[Opening Available records section]

section \<open>Laurent series over ring-like coefficient structures\<close>

text \<open>The Laurent series structures \<open>LS R d\<close> are not shown to be associative rings here, and
  need not be: a ring homomorphism in the sense of HOL-Algebra only has to respect the
  operations.  All we use of the coefficients is the following "ring-like" structure, which
  every ring has and which passes from \<open>R\<close> to \<open>LS R d\<close>.\<close>
definition ring_like :: "('a, 'm) ring_scheme \<Rightarrow> bool" where
  "ring_like R \<longleftrightarrow> abelian_group R
     \<and> (\<forall>x\<in>carrier R. \<forall>y\<in>carrier R. x \<otimes>\<^bsub>R\<^esub> y \<in> carrier R) \<and> \<one>\<^bsub>R\<^esub> \<in> carrier R
     \<and> (\<forall>x\<in>carrier R. x \<otimes>\<^bsub>R\<^esub> \<zero>\<^bsub>R\<^esub> = \<zero>\<^bsub>R\<^esub> \<and> \<zero>\<^bsub>R\<^esub> \<otimes>\<^bsub>R\<^esub> x = \<zero>\<^bsub>R\<^esub>)"

text \<open>Likewise, of the twisting derivations only this is used: they map the carrier into
  itself and fix zero.\<close>
definition zero_fixing :: "('a, 'm) ring_scheme \<Rightarrow> ('a \<Rightarrow> 'a) \<Rightarrow> bool" where
  "zero_fixing R d \<longleftrightarrow> (\<forall>x\<in>carrier R. d x \<in> carrier R) \<and> d \<zero>\<^bsub>R\<^esub> = \<zero>\<^bsub>R\<^esub>"

definition ls_from :: "('a, 'm) ring_scheme \<Rightarrow> int \<Rightarrow> (int \<Rightarrow> 'a) set" where
  "ls_from R a = {f. (\<forall>i. f i \<in> carrier R) \<and> (\<forall>n<a. f n = \<zero>\<^bsub>R\<^esub>)}"

lemma LS_simps [simp]:
  "carrier (LS R d) = ls_carrier R" "mult (LS R d) = ls_mult R d" "one (LS R d) = ls_one R"
  "zero (LS R d) = (\<lambda>i. \<zero>\<^bsub>R\<^esub>)" "add (LS R d) = (\<lambda>f g i. f i \<oplus>\<^bsub>R\<^esub> g i)"
  by (simp_all add: LS_def)

lemma ls_carrier_iff: "f \<in> ls_carrier R \<longleftrightarrow> (\<exists>a. f \<in> ls_from R a)"
  by (auto simp: ls_carrier_def ls_from_def)

lemma ls_fromD:
  "f \<in> ls_from R a \<Longrightarrow> f i \<in> carrier R" "f \<in> ls_from R a \<Longrightarrow> n < a \<Longrightarrow> f n = \<zero>\<^bsub>R\<^esub>"
  by (simp_all add: ls_from_def)

lemma ls_from_carrier: "f \<in> ls_from R a \<Longrightarrow> f \<in> ls_carrier R"
  by (auto simp: ls_carrier_iff)

lemma ring_like_ring: "ring R \<Longrightarrow> ring_like R"
  by (simp add: ring_like_def ring.is_abelian_group ring.ring_simprules)

lemma ring_likeD:
  assumes "ring_like R"
  shows "abelian_group R" "\<zero>\<^bsub>R\<^esub> \<in> carrier R" "x \<in> carrier R \<Longrightarrow> y \<in> carrier R \<Longrightarrow> x \<otimes>\<^bsub>R\<^esub> y \<in> carrier R"
    "\<one>\<^bsub>R\<^esub> \<in> carrier R" "x \<in> carrier R \<Longrightarrow> x \<otimes>\<^bsub>R\<^esub> \<zero>\<^bsub>R\<^esub> = \<zero>\<^bsub>R\<^esub>"
    "x \<in> carrier R \<Longrightarrow> \<zero>\<^bsub>R\<^esub> \<otimes>\<^bsub>R\<^esub> x = \<zero>\<^bsub>R\<^esub>"
  using assms by (simp_all add: ring_like_def abelian_group.axioms(1) abelian_monoid.zero_closed)

lemma zero_fixing_iterate:
  assumes "zero_fixing R d"
  shows "x \<in> carrier R \<Longrightarrow> (d ^^ k) x \<in> carrier R" "(d ^^ k) \<zero>\<^bsub>R\<^esub> = \<zero>\<^bsub>R\<^esub>"
  using assms by (induction k) (auto simp: zero_fixing_def)

text \<open>The \<open>n\<close>-th coefficient of \<open>f g\<close> is a sum over the pairs \<open>(j, k)\<close> with \<open>f\<^sub>n\<^sub>-\<^sub>j\<^sub>-\<^sub>k \<noteq> 0\<close>
  and \<open>g\<^sub>j \<noteq> 0\<close>; for series of order \<open>\<ge> a\<close> and \<open>\<ge> b\<close> these form a finite box, which is
  empty when \<open>n < a + b\<close>.\<close>
lemma ls_mult_support_sub:
  assumes "f \<in> ls_from R a" "g \<in> ls_from R b"
  shows "{(j :: int, k :: nat). f (n - j - int k) \<noteq> \<zero>\<^bsub>R\<^esub> \<and> g j \<noteq> \<zero>\<^bsub>R\<^esub>}
    \<subseteq> {b..n - a} \<times> {..nat (n - a - b)}"
proof (clarsimp)
  fix j k assume "f (n - j - int k) \<noteq> \<zero>\<^bsub>R\<^esub>" "g j \<noteq> \<zero>\<^bsub>R\<^esub>"
  then have "b \<le> j" "a \<le> n - j - int k" using assms ls_fromD(2) by (meson not_less)+
  then show "b \<le> j \<and> j \<le> n - a \<and> k \<le> nat (n - a - b)" by linarith
qed

lemma ls_mult_support_finite:
  "f \<in> ls_from R a \<Longrightarrow> g \<in> ls_from R b \<Longrightarrow>
   finite {(j :: int, k :: nat). f (n - j - int k) \<noteq> \<zero>\<^bsub>R\<^esub> \<and> g j \<noteq> \<zero>\<^bsub>R\<^esub>}"
  by (rule finite_subset[OF ls_mult_support_sub]) auto

lemma ls_mult_in_from:
  assumes R: "ring_like R" and d: "zero_fixing R d"
    and f: "f \<in> ls_from R a" and g: "g \<in> ls_from R b" and c: "c \<le> a + b"
  shows "ls_mult R d f g \<in> ls_from R c"
proof -
  interpret R: abelian_group R using ring_likeD(1)[OF R] .
  have "ls_mult R d f g n \<in> carrier R" for n
    unfolding ls_mult_def using ls_fromD(1)[OF f] ls_fromD(1)[OF g]
    by (intro R.finsum_closed) (auto intro!: R.add.int_pow_closed ring_likeD(3)[OF R] zero_fixing_iterate(1)[OF d])
  moreover have "ls_mult R d f g n = \<zero>\<^bsub>R\<^esub>" if "n < c" for n
  proof -
    have empty: "{(j :: int, k :: nat). f (n - j - int k) \<noteq> \<zero>\<^bsub>R\<^esub> \<and> g j \<noteq> \<zero>\<^bsub>R\<^esub>} = {}"
      using ls_mult_support_sub[OF f g, of n] that c by force
    show ?thesis unfolding ls_mult_def empty by simp
  qed
  ultimately show ?thesis by (simp add: ls_from_def)
qed

lemma ls_mult_closed:
  "ring_like R \<Longrightarrow> zero_fixing R d \<Longrightarrow> f \<in> ls_carrier R \<Longrightarrow> g \<in> ls_carrier R \<Longrightarrow>
   ls_mult R d f g \<in> ls_carrier R"
  by (auto simp: ls_carrier_iff intro: ls_mult_in_from)

lemma ls_mult_zero_right: "abelian_group R \<Longrightarrow> ls_mult R d f (\<lambda>i. \<zero>\<^bsub>R\<^esub>) = (\<lambda>i. \<zero>\<^bsub>R\<^esub>)"
  and ls_mult_zero_left: "abelian_group R \<Longrightarrow> ls_mult R d (\<lambda>i. \<zero>\<^bsub>R\<^esub>) f = (\<lambda>i. \<zero>\<^bsub>R\<^esub>)"
  by (simp_all add: ls_mult_def abelian_monoid.finsum_empty[OF abelian_group.axioms(1)])

lemma LS_abelian_group:
  assumes R: "abelian_group R"
  shows "abelian_group (LS R d)"
proof -
  interpret R: abelian_group R by fact
  show ?thesis
  proof (rule abelian_groupI)
    fix x y assume "x \<in> carrier (LS R d)" "y \<in> carrier (LS R d)"
    then obtain a b where x: "x \<in> ls_from R a" and y: "y \<in> ls_from R b"
      by (auto simp: ls_carrier_iff)
    then have "x \<oplus>\<^bsub>LS R d\<^esub> y \<in> ls_from R (min a b)"
      by (auto simp: ls_from_def)
    then show "x \<oplus>\<^bsub>LS R d\<^esub> y \<in> carrier (LS R d)" unfolding LS_simps ls_carrier_iff by blast
    show "x \<oplus>\<^bsub>LS R d\<^esub> y = y \<oplus>\<^bsub>LS R d\<^esub> x"
      using x y by (auto simp: ls_from_def R.a_comm)
  next
    fix x y z assume "x \<in> carrier (LS R d)" "y \<in> carrier (LS R d)" "z \<in> carrier (LS R d)"
    then show "x \<oplus>\<^bsub>LS R d\<^esub> y \<oplus>\<^bsub>LS R d\<^esub> z = x \<oplus>\<^bsub>LS R d\<^esub> (y \<oplus>\<^bsub>LS R d\<^esub> z)"
      by (auto simp: ls_carrier_iff ls_from_def R.a_assoc)
  next
    fix x assume "x \<in> carrier (LS R d)"
    then obtain a where x: "x \<in> ls_from R a" by (auto simp: ls_carrier_iff)
    then show "\<zero>\<^bsub>LS R d\<^esub> \<oplus>\<^bsub>LS R d\<^esub> x = x" by (auto simp: ls_from_def)
    have "(\<lambda>i. \<ominus>\<^bsub>R\<^esub> x i) \<in> ls_from R a" "(\<lambda>i. \<ominus>\<^bsub>R\<^esub> x i) \<oplus>\<^bsub>LS R d\<^esub> x = \<zero>\<^bsub>LS R d\<^esub>"
      using x by (auto simp: ls_from_def R.l_neg)
    then show "\<exists>y\<in>carrier (LS R d). y \<oplus>\<^bsub>LS R d\<^esub> x = \<zero>\<^bsub>LS R d\<^esub>"
      using ls_from_carrier by (metis LS_simps(1))
  qed (auto simp: ls_carrier_iff ls_from_def)
qed

lemma ls_t_in_from: "ring_like R \<Longrightarrow> ls_t R a \<in> ls_from R a"
  by (simp add: ls_from_def ls_t_def ring_likeD(2,4))

lemma ls_const_in_from: "ring_like R \<Longrightarrow> c \<in> carrier R \<Longrightarrow> ls_const R c \<in> ls_from R 0"
  by (simp add: ls_from_def ls_const_def ring_likeD(2))

lemma LS_ring_like:
  assumes R: "ring_like R" and d: "zero_fixing R d"
  shows "ring_like (LS R d)"
proof -
  have "ls_one R = ls_t R 0" by (simp add: fun_eq_iff ls_one_def ls_t_def)
  then have "ls_one R \<in> ls_carrier R"
    using ls_t_in_from[OF R] by (auto simp: ls_carrier_iff)
  then show ?thesis
    using LS_abelian_group[OF ring_likeD(1)[OF R]] ring_likeD(1)[OF R]
    by (simp add: ring_like_def ls_mult_closed[OF R d] ls_mult_zero_left ls_mult_zero_right)
qed

lemma LS_finsum_coeff:
  assumes R: "abelian_group R" and A: "finite A" and F: "\<forall>a\<in>A. F a \<in> ls_carrier R"
  shows "finsum (LS R d) F A n = finsum R (\<lambda>a. F a n) A"
  using A F
proof (induction A rule: finite_induct)
  case empty
  interpret L: abelian_group "LS R d" by (rule LS_abelian_group[OF R])
  interpret R: abelian_group R by fact
  show ?case by simp
next
  case (insert x A)
  interpret L: abelian_group "LS R d" by (rule LS_abelian_group[OF R])
  interpret R: abelian_group R by fact
  have "finsum (LS R d) F (insert x A) n = F x n \<oplus>\<^bsub>R\<^esub> finsum (LS R d) F A n"
    using insert by (subst L.finsum_insert) (auto simp: Pi_def)
  also have "\<dots> = finsum R (\<lambda>a. F a n) (insert x A)"
    using insert by (subst R.finsum_insert) (auto simp: Pi_def ls_carrier_iff ls_from_def)
  finally show ?case .
qed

[Closing Available records section]

• **Task objective**
In the material above, find the line containing "proof (rule abelian_groupI)" and the line containing "R d\<^esub> \<oplus>\<^bsub>LS", then write out exactly those two lines and every line between them, and nothing more.

• **Solution for this task**
  proof (rule abelian_groupI)
    fix x y assume "x \<in> carrier (LS R d)" "y \<in> carrier (LS R d)"
    then obtain a b where x: "x \<in> ls_from R a" and y: "y \<in> ls_from R b"
      by (auto simp: ls_carrier_iff)
    then have "x \<oplus>\<^bsub>LS R d\<^esub> y \<in> ls_from R (min a b)"
      by (auto simp: ls_from_def)
    then show "x \<oplus>\<^bsub>LS R d\<^esub> y \<in> carrier (LS R d)" unfolding LS_simps ls_carrier_iff by blast
    show "x \<oplus>\<^bsub>LS R d\<^esub> y = y \<oplus>\<^bsub>LS R d\<^esub> x"
      using x y by (auto simp: ls_from_def R.a_comm)
  next
    fix x y z assume "x \<in> carrier (LS R d)" "y \<in> carrier (LS R d)" "z \<in> carrier (LS R d)"
    then show "x \<oplus>\<^bsub>LS R d\<^esub> y \<oplus>\<^bsub>LS R d\<^esub> z = x \<oplus>\<^bsub>LS R d\<^esub> (y \<oplus>\<^bsub>LS R d\<^esub> z)"
      by (auto simp: ls_carrier_iff ls_from_def R.a_assoc)
  next
    fix x assume "x \<in> carrier (LS R d)"
    then obtain a where x: "x \<in> ls_from R a" by (auto simp: ls_carrier_iff)
    then show "\<zero>\<^bsub>LS R d\<^esub> \<oplus>\<^bsub>LS R d\<^esub> x = x" by (auto simp: ls_from_def)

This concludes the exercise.